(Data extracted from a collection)
(* For any connected graphs $G$ and $H$, $dim_s(G\square H)\ge dim_s(G)\,dim_s(H)$.
   Context: Graphs are finite, simple, undirected; for connected $G$, $d_G$ is the shortest-path distance and $I_G[u,v]$ is the set of vertices lying on some shortest $u$–$v$ path. A vertex $w$ strongly resolves vertices $u,v$ if $v\in I_G[u,w]$ or $u\in I_G[v,w]$. A strong resolving set of $G$ is a set $S\subseteq V(G)$ such that every pair of vertices is strongly resolved by some vertex of $S$; $dim_s(G)$ is the minimum cardinality of such a set. $G\square H$ denotes the Cartesian product: vertex set $V(G)\times V(H)$, $(a,b)\sim(c,d)$ iff ($a=c$ and $bd\in E(H)$) or ($b=d$ and $ac\in E(G)$). *)

theory Defs
  imports Main
begin

definition simple_graph :: "'a set \<Rightarrow> ('a \<Rightarrow> 'a \<Rightarrow> bool) \<Rightarrow> bool" where
  "simple_graph V E \<longleftrightarrow> finite V \<and> (\<forall>x y. E x y \<longrightarrow> x \<in> V \<and> y \<in> V)
     \<and> (\<forall>x y. E x y \<longrightarrow> E y x) \<and> (\<forall>x. \<not> E x x)"

text \<open>A walk from u to v: a nonempty vertex list with consecutive vertices adjacent;
  its length is the number of edges, i.e. length xs - 1.\<close>
definition walk :: "'a set \<Rightarrow> ('a \<Rightarrow> 'a \<Rightarrow> bool) \<Rightarrow> 'a \<Rightarrow> 'a \<Rightarrow> 'a list \<Rightarrow> bool" where
  "walk V E u v xs \<longleftrightarrow> xs \<noteq> [] \<and> set xs \<subseteq> V \<and> hd xs = u \<and> last xs = v
     \<and> (\<forall>i. Suc i < length xs \<longrightarrow> E (xs ! i) (xs ! Suc i))"
theorem lemma4p1:
  fixes f1 :: "real^'m \<Rightarrow> ereal"
    and B :: "real^'d^'m"
    and n p :: nat
    and phi :: "nat \<Rightarrow> real^'d \<Rightarrow> real"
    and gphi :: "nat \<Rightarrow> real^'d \<Rightarrow> real^'d"
    and f2 :: "real^'d \<Rightarrow> real"
    and g2 :: "real^'d \<Rightarrow> real^'d"
    and gb :: "nat \<Rightarrow> real^'d \<Rightarrow> real^'d"
    and c \<alpha> lam :: real
    and \<gamma> :: "nat \<Rightarrow> real"
    and x :: "nat \<Rightarrow> (nat \<Rightarrow> nat) \<Rightarrow> real^'d"
    and v :: "nat \<Rightarrow> (nat \<Rightarrow> nat) \<Rightarrow> real^'m"
    and x1 xs :: "real^'d"
    and v1 vs :: "real^'m"
  assumes f1: "proper_fun f1" "convex_ereal_fun f1" "lsc_fun f1"
    and n: "0 < n" and p: "0 < p" "p dvd n"
    and phi_convex: "\<And>j. j < n \<Longrightarrow> convex_on UNIV (phi j)"
    and phi_grad: "\<And>j z. j < n \<Longrightarrow> (phi j has_derivative (\<lambda>h. gphi j z \<bullet> h)) (at z)"
    and f2_def: "f2 = (\<lambda>z. (1 / real n) * (\<Sum>j<n. phi j z))"
    and g2_def: "g2 = (\<lambda>z. (1 / real n) *\<^sub>R (\<Sum>j<n. gphi j z))"
    and gb_def: "gb = (\<lambda>i z. (1 / real p) *\<^sub>R (\<Sum>j\<in>{i * p..<(i + 1) * p}. gphi j z))"
    and c: "0 < c" and \<alpha>: "0 < \<alpha>" "\<alpha> \<le> 1"
    and lam: "0 < lam" "lam * rho_max (B ** transpose B) \<le> 1"
    and \<gamma>_def: "\<gamma> = (\<lambda>k. c / (real k powr \<alpha>))"
    and init_x: "\<And>s. x 1 s = x1" and init_v: "\<And>s. v 1 s = v1"
    and step_v: "\<And>k s. 1 \<le> k \<Longrightarrow>
       v (Suc k) s =
         (\<lambda>w. (lam / \<gamma> k) *\<^sub>R (w - prox (\<lambda>u. ereal (\<gamma> k / lam) * f1 u) w))
           (B *v (x k s - \<gamma> k *\<^sub>R gb (s k) (x k s))
            + (\<gamma> k / lam) *\<^sub>R (v k s - lam *\<^sub>R ((B ** transpose B) *v v k s)))"
    and step_x: "\<And>k s. 1 \<le> k \<Longrightarrow>
       x (Suc k) s = x k s - \<gamma> k *\<^sub>R gb (s k) (x k s) - \<gamma> k *\<^sub>R (transpose B *v v (Suc k) s)"
    and xs_min: "\<And>z. f1 (B *v xs) + ereal (f2 xs) \<le> f1 (B *v z) + ereal (f2 z)"
    and vs_fix: "\<And>k. 1 \<le> k \<Longrightarrow>
       vs = (\<lambda>w. w - prox (\<lambda>u. ereal (lam / \<gamma> k) * f1 ((\<gamma> k / lam) *\<^sub>R u)) w)
              ((lam / \<gamma> k) *\<^sub>R (B *v (xs - \<gamma> k *\<^sub>R g2 xs))
               + (vs - lam *\<^sub>R ((B ** transpose B) *v vs)))"
    and xs_fix: "\<And>k. 1 \<le> k \<Longrightarrow>
       xs = xs - \<gamma> k *\<^sub>R g2 xs - \<gamma> k *\<^sub>R (transpose B *v vs)"
    and k: "1 \<le> k"
  shows "expect_k (n div p) (k + 1)
           (\<lambda>s. (norm (x (k + 1) s - xs))\<^sup>2 + (\<gamma> (k + 1))\<^sup>2 / lam * (norm (v (k + 1) s - vs))\<^sup>2)
         \<le> expect_k (n div p) k (\<lambda>s. (norm (x k s - xs))\<^sup>2)
           + (\<gamma> k)\<^sup>2 / lam * (1 - lam * rho_min (B ** transpose B))
               * expect_k (n div p) k (\<lambda>s. (norm (v k s - vs))\<^sup>2)
           - 2 * \<gamma> k * expect_k (n div p) k (\<lambda>s. (g2 (x k s) - g2 xs) \<bullet> (x k s - xs))
           + (\<gamma> k)\<^sup>2 * expect_k (n div p) (k + 1) (\<lambda>s. (norm (gb (s k) (x k s) - g2 xs))\<^sup>2)"
proof -
  define N where "N = n div p"
  have N: "0 < N" "N * p = n" using n p unfolding N_def by (auto simp: dvd_def)
  have \<gamma>: "0 < \<gamma> k" "(\<gamma> (k + 1))\<^sup>2 \<le> (\<gamma> k)\<^sup>2"
    using stepsize_antimono[of c \<alpha> k] c \<alpha> k unfolding \<gamma>_def by (auto intro: power_mono)
  have past: "x k (s(k := i)) = x k s \<and> v k (s(k := i)) = v k s" for s i
    using iterate_depends_on_past[where z = "\<lambda>j s. (x j s, v j s)", OF _ _ k, of "s(k := i)" s]
      init_x init_v by (auto simp: step_x step_v)
  have mean_gb: "(1 / real N) *\<^sub>R (\<Sum>i<N. gb i z) = g2 z" for z
    using mean_of_batch_means[OF p(1), of N "\<lambda>j. gphi j z"] N unfolding gb_def g2_def by simp
  define L where "L = (\<lambda>s. (norm (x (k + 1) s - xs))\<^sup>2
    + (\<gamma> (k + 1))\<^sup>2 / lam * (norm (v (k + 1) s - vs))\<^sup>2)"
  define C where "C s = (norm (x k s - xs))\<^sup>2
    + (\<gamma> k)\<^sup>2 / lam * (1 - lam * rho_min (B ** transpose B)) * (norm (v k s - vs))\<^sup>2" for s
  define W where "W = (\<lambda>s. (norm (gb (s k) (x k s) - g2 xs))\<^sup>2)"
  have "L (s(k := i)) \<le> C s - 2 * \<gamma> k * ((gb i (x k s) - g2 xs) \<bullet> (x k s - xs))
      + (\<gamma> k)\<^sup>2 * W (s(k := i))" for s i
  proof -
    have "(\<gamma> (k + 1))\<^sup>2 / lam * (norm (v (Suc k) (s(k := i)) - vs))\<^sup>2
      \<le> (\<gamma> k)\<^sup>2 / lam * (norm (v (Suc k) (s(k := i)) - vs))\<^sup>2"
      using \<gamma>(2) lam(1) by (intro mult_right_mono divide_right_mono) auto
    with iteration_step_estimate[OF f1 lam \<gamma>(1) step_v[OF k, of "s(k := i)"]
        step_x[OF k, of "s(k := i)"] vs_fix[OF k] xs_fix[OF k]]
    show ?thesis unfolding L_def C_def W_def using past by simp
  qed
  then have "expect_k N (Suc k) L \<le> expect_k N k C
      - 2 * \<gamma> k * expect_k N k (\<lambda>s. ((1 / real N) *\<^sub>R (\<Sum>i<N. gb i (x k s)) - g2 xs) \<bullet> (x k s - xs))
      + expect_k N (Suc k) (\<lambda>s. (\<gamma> k)\<^sup>2 * W s)"
    by (intro expect_k_Suc_le_of_inner_bounds[OF k N(1)])
  then show ?thesis
    unfolding L_def[symmetric] W_def[symmetric] N_def[symmetric]
    unfolding Suc_eq_plus1[symmetric] C_def expect_k_add expect_k_mult_left mean_gb .
qed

■ EXERCISE GOAL
Copy, without any change, the lines above from the one containing "- 2 * \<gamma> k * expect_k N" to the end, both ends included. Add nothing else.

■ EXERCISE RESPONSE
      - 2 * \<gamma> k * expect_k N k (\<lambda>s. ((1 / real N) *\<^sub>R (\<Sum>i<N. gb i (x k s)) - g2 xs) \<bullet> (x k s - xs))
      + expect_k N (Suc k) (\<lambda>s. (\<gamma> k)\<^sup>2 * W s)"
    by (intro expect_k_Suc_le_of_inner_bounds[OF k N(1)])
  then show ?thesis
    unfolding L_def[symmetric] W_def[symmetric] N_def[symmetric]
    unfolding Suc_eq_plus1[symmetric] C_def expect_k_add expect_k_mult_left mean_gb .
qed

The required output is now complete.